Data extracted from a collection
◆ ◆ ◆ ◆

lemma sum_trans_prob_particles:
  assumes "2 \<le> n" "i < n" "v \<in> Sn n"
  shows "(\<Sum>w | w \<in> Sn n \<and> particles n k w = B. trans_prob p n (v, i) (w, j))
       = lumped_trans p n (particles n k v) i B j"
proof -
  define l h A where "l = lo n i" and "h = hi n i" and "A = particles n k v"
  have lh: "l \<in> {1..n}" "h \<in> {1..n}" "l \<noteq> h"
    using lo_hi_in_range[OF assms(1,2)] unfolding l_def h_def by auto
  have mem: "x \<in> A \<longleftrightarrow> k < inv v x" if "x \<in> {1..n}" for x
    using that unfolding A_def particles_def by simp
  have fibre: "(\<Sum>w | w \<in> Sn n \<and> particles n k w = B. trans_prob p n (v, i) (w, j))
      = (if j = (i + 1) mod n then
           (if Transposition.transpose l h ` A = B then flipprob p n v i else 0)
           + (if A = B then 1 - flipprob p n v i else 0)
         else 0)"
    using sum_trans_prob_fibre[OF assms] particles_sbar_comp[OF assms]
    unfolding l_def h_def A_def by simp
  have kernel: "lumped_trans p n A i B j = (if j = (i + 1) mod n then
      (if l \<in> A \<and> h \<notin> A then (if B = A then 1 - p else if B = insert h (A - {l}) then p else 0)
       else if B = A then 1 else 0) else 0)"
    unfolding lumped_trans_def l_def h_def by (rule refl)
  consider "l \<in> A" "h \<notin> A" | "l \<notin> A" "h \<in> A" | "l \<in> A \<longleftrightarrow> h \<in> A" by blast
  then show ?thesis
  proof cases
    case 1
    then have "flipprob p n v i = p"
      using mem[OF lh(1)] mem[OF lh(2)] unfolding flipprob_def f0_def l_def h_def by simp
    moreover have "insert h (A - {l}) \<noteq> A" "A \<noteq> insert h (A - {l})" using 1 by auto
    ultimately show ?thesis
      using 1 unfolding fibre A_def[symmetric] kernel transpose_image_move[OF 1]
      by (cases "B = A"; cases "B = insert h (A - {l})") simp_all
  next
    case 2
    then have "flipprob p n v i = 0"
      using mem[OF lh(1)] mem[OF lh(2)] unfolding flipprob_def f0_def l_def h_def by simp
    then show ?thesis
      using 2 unfolding fibre A_def[symmetric] kernel by (cases "B = A") simp_all
  next
    case 3
    then show ?thesis
      unfolding fibre A_def[symmetric] kernel by (cases "B = A") simp_all
  qed
qed

lemma sum_states_by_particles:
  "(\<Sum>x\<in>states n. g x)
     = (\<Sum>(A, i)\<in>configs n k \<times> {0..<n}. \<Sum>w | w \<in> Sn n \<and> particles n k w = A. g (w, i))"
proof -
  have "(\<Sum>x\<in>states n. g x) = (\<Sum>i\<in>{0..<n}. \<Sum>w\<in>Sn n. g (w, i))"
    unfolding states_def sum.cartesian_product' by (rule sum.swap)
  also have "\<dots> = (\<Sum>i\<in>{0..<n}. \<Sum>A\<in>configs n k. \<Sum>w | w \<in> Sn n \<and> particles n k w = A. g (w, i))"
    by (intro sum.cong refl sum.group[symmetric])
      (use finite_Sn finite_configs particles_in_configs in auto)
  also have "\<dots> = (\<Sum>A\<in>configs n k. \<Sum>i\<in>{0..<n}. \<Sum>w | w \<in> Sn n \<and> particles n k w = A. g (w, i))"
    by (rule sum.swap)
  also have "\<dots> = (\<Sum>(A, i)\<in>configs n k \<times> {0..<n}. \<Sum>w | w \<in> Sn n \<and> particles n k w = A. g (w, i))"
    by (simp add: sum.cartesian_product')
  finally show ?thesis .
qed

lemma lumped_total:
  assumes "is_stationary p n \<zeta>"
  shows "(\<Sum>(A, i)\<in>configs n k \<times> {0..<n}. lumped n k \<zeta> A i) = 1"
  using assms sum_states_by_particles[of \<zeta> n k] unfolding is_stationary_def lumped_def by simp

lemma lumped_balance:
  assumes "2 \<le> n" "is_stationary p n \<zeta>" "j < n"
  shows "lumped n k \<zeta> B j
       = (\<Sum>(A, i)\<in>configs n k \<times> {0..<n}. lumped n k \<zeta> A i * lumped_trans p n A i B j)"
proof -
  have "lumped n k \<zeta> B j
      = (\<Sum>w | w \<in> Sn n \<and> particles n k w = B. \<Sum>x\<in>states n. \<zeta> x * trans_prob p n x (w, j))"
    using assms(2,3) unfolding lumped_def is_stationary_def states_def by (intro sum.cong) auto
  also have "\<dots> = (\<Sum>x\<in>states n. \<zeta> x * (\<Sum>w | w \<in> Sn n \<and> particles n k w = B. trans_prob p n x (w, j)))"
    by (subst sum.swap) (simp add: sum_distrib_left)
  also have "\<dots> = (\<Sum>x\<in>states n. \<zeta> x * lumped_trans p n (particles n k (fst x)) (snd x) B j)"
    using sum_trans_prob_particles[OF assms(1)] unfolding states_def by (intro sum.cong) auto
  also have "\<dots> = (\<Sum>(A, i)\<in>configs n k \<times> {0..<n}. lumped n k \<zeta> A i * lumped_trans p n A i B j)"
    unfolding sum_states_by_particles[where k = k] lumped_def
    by (intro sum.cong) (auto simp: sum_distrib_right)
  finally show ?thesis .
qed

◆ ◆ ◆ ◆

Description of the task: Your answer should be exactly the lines of the data above, from the first through the line containing "using lo_hi_in_range[OF assms(1,2)]".

Output of the exercise:
lemma sum_trans_prob_particles:
  assumes "2 \<le> n" "i < n" "v \<in> Sn n"
  shows "(\<Sum>w | w \<in> Sn n \<and> particles n k w = B. trans_prob p n (v, i) (w, j))
       = lumped_trans p n (particles n k v) i B j"
proof -
  define l h A where "l = lo n i" and "h = hi n i" and "A = particles n k v"
  have lh: "l \<in> {1..n}" "h \<in> {1..n}" "l \<noteq> h"
    using lo_hi_in_range[OF assms(1,2)] unfolding l_def h_def by auto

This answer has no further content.